Now, I think we can see that at least some of these companies are better understanding how they need to operate in the market to succeed, and bundled services for consumers are one potential way to create a better future for the companies (on one hand, to increase average revenue per user (ARPU), and on the other, to improve customer retention).
Today, I was interested in looking at, for example, Verizon’s 2025 report and, on the other hand, reading the transcript of their Q1/26 earnings call. That analysis of a single company contains many references to the challenges this market has previously driven itself into. The Q&A section had some quite interesting examples illustrating the massive mindset shifts these companies have had to undergo in their operations. The most essential point is that a secure and reliable connection to data networks is clearly becoming the core of the services sold to consumers, which is exactly the core of F-Secure’s strategy. I intend to continue this research for other Tier 1 operators and plan to return to this theme later.
In short, I understand the concern, and I do not want to downplay the risks, but my own ongoing research into the topic has confirmed rather than weakened my faith in F-Secure and its chosen strategy.
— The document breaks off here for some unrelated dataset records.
lemma ts_feasible_1_1_imp_dense_feasible:
  assumes ext: "chordal_ext_rule ext"
    and g_deg: "\<forall>j\<in>{1..m}. 1 \<le> deg n (g j) \<and> deg n (g j) \<le> 2"
    and ts: "ts_feasible ext n f g m 1 1 y"
  obtains y' where "dense_feasible n g m 1 y'" and "Ly y' f = Ly y f"
proof -
  let ?G = "TS ext n f g m 1 1"
  have sparse: "\<forall>j\<in>{0..m}. Bcirc (?G j) (Mmat n (1 - dj n g j) (gg g j) y) \<in> PiG_psd (?G j)"
    and "herm_moments y" and y00: "y (zexp, zexp) = 1"
    using ts by (simp_all add: ts_feasible_def)
  have sparse0: "Bcirc (?G 0) (Mmat n 1 one_poly y) \<in> PiG_psd (?G 0)"
    using bspec[OF sparse, of 0] by (simp add: gg_def dj_def)
  have nodes0: "fst (?G 0) = Nmon n 1"
    using fst_TS[OF ext, of n f g m 1 1 0] by (simp add: dj_def)
  obtain y' where herm: "herm_moments y'" and psd0: "psd (Nmon n 1) (Mmat n 1 one_poly y')"
    and keep: "\<And>b c. (b \<in> Nmon n 1 \<and> c \<in> Nmon n 1 \<longrightarrow> b = c \<or> {b, c} \<in> snd (?G 0)) \<Longrightarrow>
        y' (b, c) = y (b, c)"
    using moment_matrix_completion[OF \<open>herm_moments y\<close> nodes0 sparse0] by blast
  have on_A: "y' p = y p" if "p \<in> Aset f g m" for p
    using eq_on_Aset_if_eq_on_TS_1_0[where d = 1 and y = y and y' = y', OF ext keep that] .
  have "psd (Nmon n (1 - dj n g j)) (Mmat n (1 - dj n g j) (gg g j) y')" if "j \<in> {1..m}" for j
  proof -
    have gj: "gg g j = g j" and dj: "dj n g j = 1"
      using that g_deg dj_eq_1[of j n g] by (auto simp: gg_def)
    show ?thesis
    proof (simp add: gj dj, rule psd_Mmat_0_of_Bcirc_in_PiG_psd)
      show "fst (?G j) = Nmon n 0"
        using fst_TS[OF ext, of n f g m 1 1 j] by (simp add: dj)
      show "Bcirc (?G j) (Mmat n 0 (g j) y) \<in> PiG_psd (?G j)"
        using bspec[OF sparse, of j] that by (simp add: gj dj)
      show "y' p = y p" if "p \<in> supp (g j)" for p
      proof (rule on_A)
        show "p \<in> Aset f g m"
          unfolding Aset_def using \<open>j \<in> {1..m}\<close> that by blast
      qed
    qed
  qed
  moreover have "y' (zexp, zexp) = 1"
    using keep[of zexp zexp] y00 by simp
  ultimately have "dense_feasible n g m 1 y'"
    using herm psd0 unfolding dense_feasible_def ball_0_to_m_iff by (simp add: gg_def dj_def)
  moreover have "Ly y' f = Ly y f"
    using on_A by (intro Ly_cong) (simp add: Aset_def)
  ultimately show ?thesis
    using that by blast
qed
And as for the partners’ motivation, etc., based on my own personal experience, these are always tricky things. There can simply be too many different competing projects (within the customer organization—and these can be completely unrelated to, say, cybersecurity in this case), and internal arrangements, especially in a clearly larger organization, can take a surprisingly long time. For example, in Verizon’s case, they talked a lot about developing customer segmentation, which also ties up their IT resources (they have other development needs as well), and that segmentation, in turn, is very much related to what kind of packages are offered.